Breakfast muffins

Breakfast muffins


Architect Chris and designer Tom are responsible for our new pop-up bar that we take to creative morning-time events.

‘If we were to describe our studio in food terms it would have to be something good for sharing, unfussy and uncomplicated – something easy to consume when we gather around a table to have a brainstorm for a project. It would have to be delicious and substantial. These muffins seem to tick all the boxes and are perfect for a morning team-briefing session or a breakfast meeting. They are filling, thanks to the bran and oats, and moist because of the soaked prunes.

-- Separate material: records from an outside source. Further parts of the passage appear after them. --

(* Let $d\ge2$ be an integer and $N_1,\dots,N_d$ positive integers. Suppose $\mathbf{b}=(b_1,\dots,b_d)\in\mathbb{Z}^d$ is a nonzero vector with $\gcd(b_1,\dots,b_d)=1$ and $|b_i|\le N_i$ for all $1\le i\le d$. Then there exists a map $f_{\mathbf{b}}:\mathbb{Z}^d\to\mathbb{Z}^{d-1}$ of the form $f_{\mathbf{b}}(\mathbf{x})=M\mathbf{x}+\mathbf{v}$ with $M\in\mathbb{Z}^{(d-1)\times d}$ and $\mathbf{v}\in\mathbb{Z}^{d-1}$ such that: (1) for any $\mathbf{x}_1,\mathbf{x}_2\in\mathbb{Z}^d$, $f_{\mathbf{b}}(\mathbf{x}_1)=f_{\mathbf{b}}(\mathbf{x}_2)$ if and only if $\mathbf{x}_1-\mathbf{x}_2=k\mathbf{b}$ for some $k\in\mathbb{Z}$; (2) there exist positive integers $N_1^*,\dots,N_{d-1}^*\ge\min_{1\le i\le d}N_i$ with \[ \frac12N_1\cdots N_d\cdot\Big(\max_{1\le i\le d}\frac{|b_i|}{N_i}\Big)\le N_1^*\cdots N_{d-1}^*\le2^{d^2}N_1\cdots N_d\cdot\Big(\max_{1\le i\le d}\frac{|b_i|}{N_i}\Big) \] and $f_{\mathbf{b}}([N_1]\times\cdots\times[N_d])\subseteq[N_1^*]\times\cdots\times[N_{d-1}^*]$.
   Context: $[N]=\{1,\dots,N\}$. *)

theory Defs
  imports Complex_Main
begin

(* Vectors in Z^n are represented as functions nat => int, with components
   indexed by 0..n-1 (only these components are relevant).
   The affine map x |-> M x + v from Z^d to Z^(d-1). *)
definition affine_map :: "nat \<Rightarrow> (nat \<Rightarrow> nat \<Rightarrow> int) \<Rightarrow> (nat \<Rightarrow> int) \<Rightarrow> (nat \<Rightarrow> int) \<Rightarrow> (nat \<Rightarrow> int)" where
  "affine_map d M v x = (\<lambda>j. (\<Sum>i<d. M j i * x i) + v j)"

end

(*
  The integer vectors orthogonal to b form a lattice of rank d - 1, and since gcd(b) = 1 the common
  integer kernel of any basis of it is exactly Z b. Measure vectors with the weighted norm
  sum_i N_i^2 x_i^2. An explicit triangular basis, built from the chain of gcds of b starting at a
  coordinate m maximising |b_m| / N_m, has Gram-Schmidt product at most 2^(d-1) X^2, where
  X = N_1 ... N_d |b_m| / N_m. An LLL-reduced basis of the same lattice, which exists because the LLL
  potential attains its minimum on a finite set of size-reduced bases, has the same Gram-Schmidt
  product bound and rows of norm at most 2^(2k+1) times their Gram-Schmidt norms. Take its rows as M:
  the j-th coordinate of M x on the box ranges over an interval of length sum_i |M_ji| N_i, which is
  at most sqrt d times the norm of the row, so the product of these lengths is at most 2^(d^2) X.
  Shifting by v moves the image into the box of these lengths; enlarging one side gives the lower
  bound.
*)

theory Submission
  imports Defs "HOL-Analysis.Convex"
begin

definition swap_adj :: "(nat \<Rightarrow> 'a) \<Rightarrow> nat \<Rightarrow> nat \<Rightarrow> 'a" where
  "swap_adj f j = (\<lambda>l. if l = j then f (Suc j) else if l = Suc j then f j else f l)"

locale weighted_inner =
  fixes n :: nat and w :: "nat \<Rightarrow> real"
  assumes weight_ge_1: "\<And>t. t < n \<Longrightarrow> w t \<ge> 1"
begin

definition ip :: "(nat \<Rightarrow> real) \<Rightarrow> (nat \<Rightarrow> real) \<Rightarrow> real" where
  "ip x y = (\<Sum>t<n. w t * x t * y t)"

lemma weight_nonneg: "t < n \<Longrightarrow> w t \<ge> 0"
  using weight_ge_1[of t] by linarith

lemma ip_sym: "ip x y = ip y x"
  unfolding ip_def by (simp add: mult_ac)

lemma ip_add_left: "ip (\<lambda>t. x t + y t) z = ip x z + ip y z"
  unfolding ip_def by (simp add: algebra_simps sum.distrib)

lemma ip_diff_left: "ip (\<lambda>t. x t - y t) z = ip x z - ip y z"
  unfolding ip_def by (simp add: algebra_simps sum_subtractf)

lemma ip_scale_left: "ip (\<lambda>t. c * x t) z = c * ip x z"
  unfolding ip_def by (simp add: algebra_simps sum_distrib_left)

lemma ip_sum_left: "ip (\<lambda>t. \<Sum>l\<in>L. h l t) z = (\<Sum>l\<in>L. ip (h l) z)"
  unfolding ip_def by (simp add: sum_distrib_left sum_distrib_right sum.swap[of _ L] mult_ac)

lemma ip_cong_left: "(\<And>t. t < n \<Longrightarrow> x t = x' t) \<Longrightarrow> ip x y = ip x' y"
  unfolding ip_def by (rule sum.cong) auto

lemma ip_cong_right: "(\<And>t. t < n \<Longrightarrow> y t = y' t) \<Longrightarrow> ip x y = ip x y'"
  unfolding ip_def by (rule sum.cong) auto

lemma ip_nonneg: "ip x x \<ge> 0"
  unfolding ip_def using weight_nonneg by (intro sum_nonneg) (simp add: mult.assoc)

lemma ip_self_ge_coord: assumes "t < n" shows "w t * (x t)^2 \<le> ip x x"
proof -
  have "w t * (x t)^2 = w t * x t * x t" by (simp add: power2_eq_square mult.assoc)
  also have "\<dots> \<le> ip x x"
    unfolding ip_def using assms weight_nonneg
    by (intro member_le_sum[of t "{..<n}" "\<lambda>t. w t * x t * x t"]) (auto simp: mult.assoc)
  finally show ?thesis .
qed

lemma ip_self_zeroD: assumes "ip x x = 0" "t < n" shows "x t = 0"
proof -
  have "w t * (x t)^2 \<le> 0" using ip_self_ge_coord[OF assms(2), of x] assms(1) by simp
  moreover have "w t \<ge> 1" using weight_ge_1 assms(2) by simp
  moreover have "(x t)^2 \<le> w t * (x t)^2"
    using mult_right_mono[of 1 "w t" "(x t)^2"] \<open>w t \<ge> 1\<close> by simp
  ultimately have "(x t)^2 \<le> 0" by linarith
  then show ?thesis by simp
qed

lemma ip_self_zero_right: assumes "ip x x = 0" shows "ip y x = 0"
proof -
  have "ip y x = ip y (\<lambda>_. 0)" by (rule ip_cong_right) (use ip_self_zeroD[OF assms] in auto)
  also have "\<dots> = 0" by (simp add: ip_def)
  finally show ?thesis .
qed

lemma ip_add_right: "ip z (\<lambda>t. x t + y t) = ip z x + ip z y"
  by (subst (1 2 3) ip_sym) (rule ip_add_left)

lemma ip_diff_right: "ip z (\<lambda>t. x t - y t) = ip z x - ip z y"
  by (subst (1 2 3) ip_sym) (rule ip_diff_left)

lemma ip_scale_right: "ip z (\<lambda>t. c * x t) = c * ip z x"
  by (subst (1 2) ip_sym) (rule ip_scale_left)

lemma ip_sum_right: "ip z (\<lambda>t. \<Sum>l\<in>L. h l t) = (\<Sum>l\<in>L. ip z (h l))"
  by (subst ip_sym) (simp add: ip_sum_left ip_sym)

text \<open>If some \<open>gso f l\<close> vanishes, division by zero makes its coefficient \<open>0\<close>; the lemmas
  below hold without any independence assumption on \<open>f\<close>.\<close>

function gso :: "(nat \<Rightarrow> nat \<Rightarrow> real) \<Rightarrow> nat \<Rightarrow> nat \<Rightarrow> real" where
  "gso f k = (\<lambda>t. f k t - (\<Sum>l<k. (ip (f k) (gso f l) / ip (gso f l) (gso f l)) * gso f l t))"
  by auto
termination by (relation "measure (\<lambda>(f,k). k)") auto

declare gso.simps[simp del]

definition mu :: "(nat \<Rightarrow> nat \<Rightarrow> real) \<Rightarrow> nat \<Rightarrow> nat \<Rightarrow> real" where
  "mu f k l = ip (f k) (gso f l) / ip (gso f l) (gso f l)"

lemma gso_unfold: "gso f k t = f k t - (\<Sum>l<k. mu f k l * gso f l t)"
  by (subst gso.simps) (simp add: mu_def)

definition span_first :: "(nat \<Rightarrow> nat \<Rightarrow> real) \<Rightarrow> nat \<Rightarrow> (nat \<Rightarrow> real) set" where
  "span_first f k = {x. \<exists>c. \<forall>t<n. x t = (\<Sum>l<k. c l * f l t)}"

lemma span_first_zero: "(\<lambda>_. 0) \<in> span_first f k"
  unfolding span_first_def by (rule CollectI, rule exI[of _ "\<lambda>_. 0"]) simp

lemma span_first_add:
  assumes "x \<in> span_first f k" "y \<in> span_first f k"
  shows "(\<lambda>t. x t + y t) \<in> span_first f k"
proof -
  obtain c c' where "\<forall>t<n. x t = (\<Sum>l<k. c l * f l t)" "\<forall>t<n. y t = (\<Sum>l<k. c' l * f l t)"
    using assms unfolding span_first_def by blast
  then show ?thesis
    unfolding span_first_def
    by (intro CollectI exI[of _ "\<lambda>l. c l + c' l"]) (simp add: algebra_simps sum.distrib)
qed

lemma span_first_scale:
  assumes "x \<in> span_first f k"
  shows "(\<lambda>t. a * x t) \<in> span_first f k"
proof -
  obtain c where "\<forall>t<n. x t = (\<Sum>l<k. c l * f l t)" using assms unfolding span_first_def by blast
  then show ?thesis
    unfolding span_first_def
    by (intro CollectI exI[of _ "\<lambda>l. a * c l"]) (simp add: algebra_simps sum_distrib_left)
qed

lemma span_first_cong: "x \<in> span_first f k \<Longrightarrow> (\<And>t. t < n \<Longrightarrow> x t = y t) \<Longrightarrow> y \<in> span_first f k"
  unfolding span_first_def by auto

lemma span_first_diff: "x \<in> span_first f k \<Longrightarrow> y \<in> span_first f k \<Longrightarrow> (\<lambda>t. x t - y t) \<in> span_first f k"
  using span_first_add[of x f k "\<lambda>t. (-1) * y t"] span_first_scale[of y f k "-1"] by simp

lemma span_first_gen: "l < k \<Longrightarrow> f l \<in> span_first f k"
  unfolding span_first_def
proof (rule CollectI, rule exI[of _ "\<lambda>l'. if l' = l then 1 else 0"], intro allI impI)
  fix t assume "l < k" "t < n"
  have "(\<Sum>la<k. (if la = l then 1 else 0) * f la t) = (\<Sum>la<k. if la = l then f la t else 0)"
    by (rule sum.cong) auto
  then show "f l t = (\<Sum>la<k. (if la = l then 1 else 0) * f la t)" using \<open>l < k\<close> by simp
qed

lemma span_first_mono:
  assumes "k \<le> k'" "x \<in> span_first f k"
  shows "x \<in> span_first f k'"
proof -
  obtain c where c: "\<forall>t<n. x t = (\<Sum>l<k. c l * f l t)" using assms(2) unfolding span_first_def
    by blast
  have "(\<Sum>l<k'. (if l < k then c l else 0) * f l t) = (\<Sum>l<k. c l * f l t)" for t
    using assms(1)
    by (simp add: if_distrib[of "\<lambda>a. a * _"] sum.If_cases lessThan_subset_iff Int_absorb1
        flip: lessThan_def)
  then show ?thesis
    using c unfolding span_first_def
    by (intro CollectI exI[of _ "\<lambda>l. if l < k then c l else 0"]) simp
qed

They are also great for making in batches at the weekend and then enjoying as a speedy breakfast during the week – they keep well for a good few days. They are also suitable for freezing. Wrap the freshly baked muffins individually before freezing. If you want to enjoy a muffin for breakfast, take it out of the freezer in the evening and leave at room temperature overnight.’ Chris Kennedy and Tom Woods of Kennedy Woods Architecture


Quantity Ingredient
1 earl grey tea bag
150-200ml boiling water
250g soft prunes
200g unsalted butter
75g soft light brown sugar
100g whole almonds, skins on
200g wholemeal spelt flour
100g oats, plus extra for sprinkling
150g oat bran
1/2 teaspoon salt
1 1/2 teaspoons bicarbonate of soda
2 eggs
350ml natural yoghurt


  1. Preheat the oven to 170°C and line a muffin tin with paper cases.
  2. Put the Earl Grey tea bag in a small bowl and pour over the boiling water. Allow to soak for a few minutes. Place the prunes in the bowl.
  3. Melt the butter with the sugar in a small saucepan. Set aside to cool slightly.
  4. Heat a large frying pan (skillet) and toast the almonds for a few minutes until lightly browned and fragrant — keep a close eye on them as they can burn quickly. Transfer to a chopping board and set aside to cool.
  5. Put the flour, oats, oat bran, salt and bicarbonate of soda in a large bowl and mix well. Roughly chop the toasted almonds and add them to the mix.
  6. Take the prunes out of their tea bowl and chop into bite-sized pieces.
  7. In a bowl, whisk the eggs and the yoghurt, add the butter and sugar mix and stir in the prunes. Pour all this over the dry ingredients and mix until just combined. Avoid stirring the dough too much, otherwise the muffins could turn out hard.
  8. Spoon equal quantities of the mixture into the muffin cases. Sprinkle with some oats and bake for 20–25 minutes, until fully risen and golden in colour.